Set index and join with titles.

In [27]:
pop_recs = pop.recommend(1282, 20, candidates=ratings['item'].unique())
pop_recs = pop_recs.set_index('item')
pop_recs.join(movies)

Unnamed: 0_level_0,score,title
item,Unnamed: 1_level_1,Unnamed: 2_level_1
2571,668,"Matrix, The (1999)"
4993,628,"Lord of the Rings: The Fellowship of the Ring,..."
356,621,Forrest Gump (1994)
296,613,Pulp Fiction (1994)
5952,597,"Lord of the Rings: The Two Towers, The (2002)"
2959,588,Fight Club (1999)
7153,577,"Lord of the Rings: The Return of the King, The..."
318,564,"Shawshank Redemption, The (1994)"
260,535,Star Wars: Episode IV - A New Hope (1977)
593,533,"Silence of the Lambs, The (1991)"


## Do these recommendations look the same or different to what you got for the popularity-based recommender in Homework 1?

A. Pretty much the same

B. Different

## Bias recommender

### Instantiate
Use damping = 5

In [15]:
bias = Bias(damping=5)

### Fit
Also create a `Recommender` object -- `Bias` is a `Predictor` object. Note that `Popular` is not a `Predictor` object: you can't use it to predict ratings.

In [16]:
bias.fit(ratings)

<lenskit.algorithms.basic.Bias at 0x11611ea58>

In [17]:
bias_t = Recommender.adapt(bias)

### Compute recommendations for a particular user
Use all movies as candidates

In [19]:
recs = bias_t.recommend(1282, 20, candidates=ratings['item'].unique())
recs = recs.set_index('item')
recs.join(movies)

Unnamed: 0_level_0,score,title
item,Unnamed: 1_level_1,Unnamed: 2_level_1
318,4.356802,"Shawshank Redemption, The (1994)"
858,4.306888,"Godfather, The (1972)"
2959,4.252142,Fight Club (1999)
1203,4.226909,12 Angry Men (1957)
296,4.212007,Pulp Fiction (1994)
7502,4.210983,Band of Brothers (2001)
1221,4.207637,"Godfather: Part II, The (1974)"
1248,4.19526,Touch of Evil (1958)
2571,4.190223,"Matrix, The (1999)"
4226,4.187542,Memento (2000)


# Compute RMSE of this recommender
5-fold cross-validation partitioned by user.

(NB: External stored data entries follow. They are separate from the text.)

lemma sigma_s_shape_finite_dinf:
  assumes dinf: "dinf = ereal D"
  shows "\<exists>sm sp s. sm \<le> sp \<and> sp \<le> s \<and>
    (\<forall>L. (p \<longlongrightarrow> L) at_top \<and> 0 < L \<longrightarrow>
       \<sigma> = ({sm..sp} \<union> {s..}) - (Dc \<union> {l. ereal l = dinf}) \<or> \<sigma> = {s..} - (Dc \<union> {l. ereal l = dinf})) \<and>
    ((p \<longlongrightarrow> 0) at_top \<longrightarrow> \<sigma> = ({..sm} \<union> {sp..}) - (Dc \<union> {l. ereal l = dinf}))"
proof (cases "\<exists>L. (p \<longlongrightarrow> L) at_top \<and> 0 < L")
  case True
  then obtain L where pL: "(p \<longlongrightarrow> L) at_top" and "0 < L"
    by blast
  then have "\<not> (p \<longlongrightarrow> 0) at_top"
    using tendsto_unique[OF trivial_limit_at_top_linorder _ pL] by force
  obtain sm sp s where "sm \<le> sp" "sp \<le> s"
    and \<sigma>_eq: "\<sigma> = ({sm..sp} \<union> {s..}) - (Dc \<union> {l. ereal l = dinf}) \<or> \<sigma> = {s..} - (Dc \<union> {l. ereal l = dinf})"
    using sigma_s_finite_dinf_pos[OF dinf pL \<open>0 < L\<close>] by blast
  show ?thesis
    by (rule exI[of _ sm], rule exI[of _ sp], rule exI[of _ s])
      (use \<open>sm \<le> sp\<close> \<open>sp \<le> s\<close> \<sigma>_eq \<open>\<not> (p \<longlongrightarrow> 0) at_top\<close> in simp)
next
  case no_pos: False
  show ?thesis
  proof (cases "(p \<longlongrightarrow> 0) at_top")
    case True
    then obtain sm sp where "sm \<le> sp" and \<sigma>_eq: "\<sigma> = ({..sm} \<union> {sp..}) - (Dc \<union> {l. ereal l = dinf})"
      using sigma_s_finite_dinf_zero[OF dinf] by blast
    show ?thesis
      by (rule exI[of _ sm], rule exI[of _ sp], rule exI[of _ sp]) (use \<open>sm \<le> sp\<close> \<sigma>_eq no_pos in auto)
  next
    case False
    with no_pos show ?thesis
      by (intro exI[of _ 0]) auto
  qed
qed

Key function is 

`xf.partition_users`: takes a data frame, a number of iterations, and a sampling method

Set the random seed!

For each partition:

1. Create a new recommender object
1. Fit to training partition
1. Call predict. (Takes a data frame of user, item pairs.)
1. Get the prediction results (odd data structure returns)
1. Calculate RMSE
1. Print it and build list

Compute the mean

In [26]:
np.random.seed(20190207)

rmse_lst = []
for train, test in xf.partition_users(ratings[['user', 'item', 'rating']], 5, xf.SampleFrac(0.2)):
    bias = Bias(damping=5)
    bias.fit(train)
    to_predict = test[['user', 'item']]
    pred = bias.predict(to_predict)
    to_predict['pred'] = pred
#     print(to_predict)
    rmse_val = rmse(to_predict['pred'], test['rating'])
    print(rmse_val)
    rmse_lst.append(rmse_val)
    
#     test['pred']

print(rmse_lst)
np.mean(rmse_lst)

0.8180835778251909
0.7886417312895626
0.828339174029659
0.805508641585362
0.8068673097796218
[0.8180835778251909, 0.7886417312895626, 0.828339174029659, 0.805508641585362, 0.8068673097796218]


0.8094880869018792

## Why set the random seed for this step?

**A**. Because otherwise the cell will produce different results each time.

B. Because otherwise random numbers won't get generated.

C. Because otherwise the cell will produce the same results each time.

## What is the difference between computing RMSE (root mean squared error) and MAE (mean absolute error) for this experiment?

**A**. RMSE magnifies large errors on individual ratings compared to MAE

B. RMSE minimizes large errors on individual ratings compared to MAE

C. They are equivalent between the square root and the square are inverses

D. RMSE is a ranking measure and MAE is an accuracy measure.